Vu les autres pièces du dossier.
Vu le code de justice administrative.
Le président du tribunal a désigné M. Mendras, vice-président du tribunal, pour statuer sur les demandes de référé.
Considérant ce qui suit :
1. Aux termes de l'article L. 521-2 du code de justice administrative : " Saisi d'une demande en ce sens justifiée par l'urgence, le juge des référés peut ordonner toutes mesures nécessaires à la sauvegarde d'une liberté fondamentale à laquelle une personne morale de droit public ou un organisme de droit privé chargé de la gestion d'un service public aurait porté, dans l'exercice d'un de ses pouvoirs, une atteinte grave et manifestement illégale. Le juge des référés se prononce dans un délai de quarante-huit heures. ".
2. M. E, ressortissant tunisien, né le 20 janvier 1977, alias C B, né le 20 janvier 1977, déclare être entré en France en 2002. Par arrêté du 4 janvier 2020, le préfet de police l'a obligé à quitter le territoire français sans délai, a fixé le pays de renvoi et lui a fait interdiction de retour sur le territoire français pour une durée de 36 mois. Il a été éloigné vers la Tunisie le 5 novembre 2021. Par décision du 22 août 2022, le même préfet a placé M. E, revenu entre-temps en France, en rétention administrative, dont la durée a été prolongée jusqu'au 21 septembre 2022 par ordonnance du juge des libertés et de la détention en date du 24 août 2022. L'intéressé demande au juge des référés, d'une part, la suspension de l'exécution de la mesure d'éloignement dont il fait l'objet et, d'autre part, d'ordonner sa mise en liberté du centre de rétention administratif au motif que la mesure d'éloignement prise à son encontre est expirée.
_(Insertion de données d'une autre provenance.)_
lemma beq_delta13_pow_3: "beq (delta13_pow 3) (half_twist @ half_twist)"
  using beq_braid[of "[(S1, True), (S2, True), (S1, True)]" "[]"]
  by (simp add: delta13_pow_def half_twist_def numeral_eq_Suc beq_sym)

lemma beq_delta13_pow_3_commute: "beq (delta13_pow 3 @ u) (u @ delta13_pow 3)"
proof -
  have "beq (delta13_pow 3 @ u) ((half_twist @ half_twist) @ u)"
    by (rule beq_append_right[OF beq_delta13_pow_3])
  also have "beq ((half_twist @ half_twist) @ u) (u @ (half_twist @ half_twist))"
    using beq_half_twist_sq_commute by simp
  also have "beq (u @ (half_twist @ half_twist)) (u @ delta13_pow 3)"
    by (rule beq_append_left[OF beq_sym[OF beq_delta13_pow_3]])
  finally show ?thesis .
qed

lemma delta13_pow_3_Suc: "delta13_pow (3 * Suc a) = delta13_pow 3 @ delta13_pow (3 * a)"
  by (simp add: delta13_pow_def replicate_add)

section \<open>Twisted alternating words\<close>

fun alt_word :: "gen \<Rightarrow> nat list \<Rightarrow> bword" where
  "alt_word g [] = []"
| "alt_word g (x # xs) = sig_pow g x @ alt_word (swap_gen g) xs"

definition half_twist_pow :: "nat \<Rightarrow> bword" where
  "half_twist_pow k = concat (replicate k half_twist)"

definition twisted_word :: "nat \<Rightarrow> nat list \<Rightarrow> bword" where
  "twisted_word k d = half_twist_pow k @ alt_word S1 d"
3. Il ressort des dispositions du III de l'article L. 512-1 du code de l'entrée et du séjour des étrangers et du droit d'asile, applicable à la date de l'édiction de l'obligation de quitter le territoire contestée, dont les dispositions sont reprises aux articles L. 614-7 et suivants du même code, que le législateur a entendu organiser une procédure spéciale afin que le juge administratif statue rapidement sur la légalité des mesures relatives à l'éloignement des étrangers, lorsque ces derniers sont placés en rétention ou assignés à résidence. Il résulte des pouvoirs confiés au juge par ces dispositions, des délais qui lui sont impartis pour se prononcer et des conditions de son intervention, que la procédure spéciale prévue par le code de l'entrée et du séjour des étrangers et du droit d'asile présente des garanties au moins équivalentes à celles des procédures régies par le livre V du code de justice administrative.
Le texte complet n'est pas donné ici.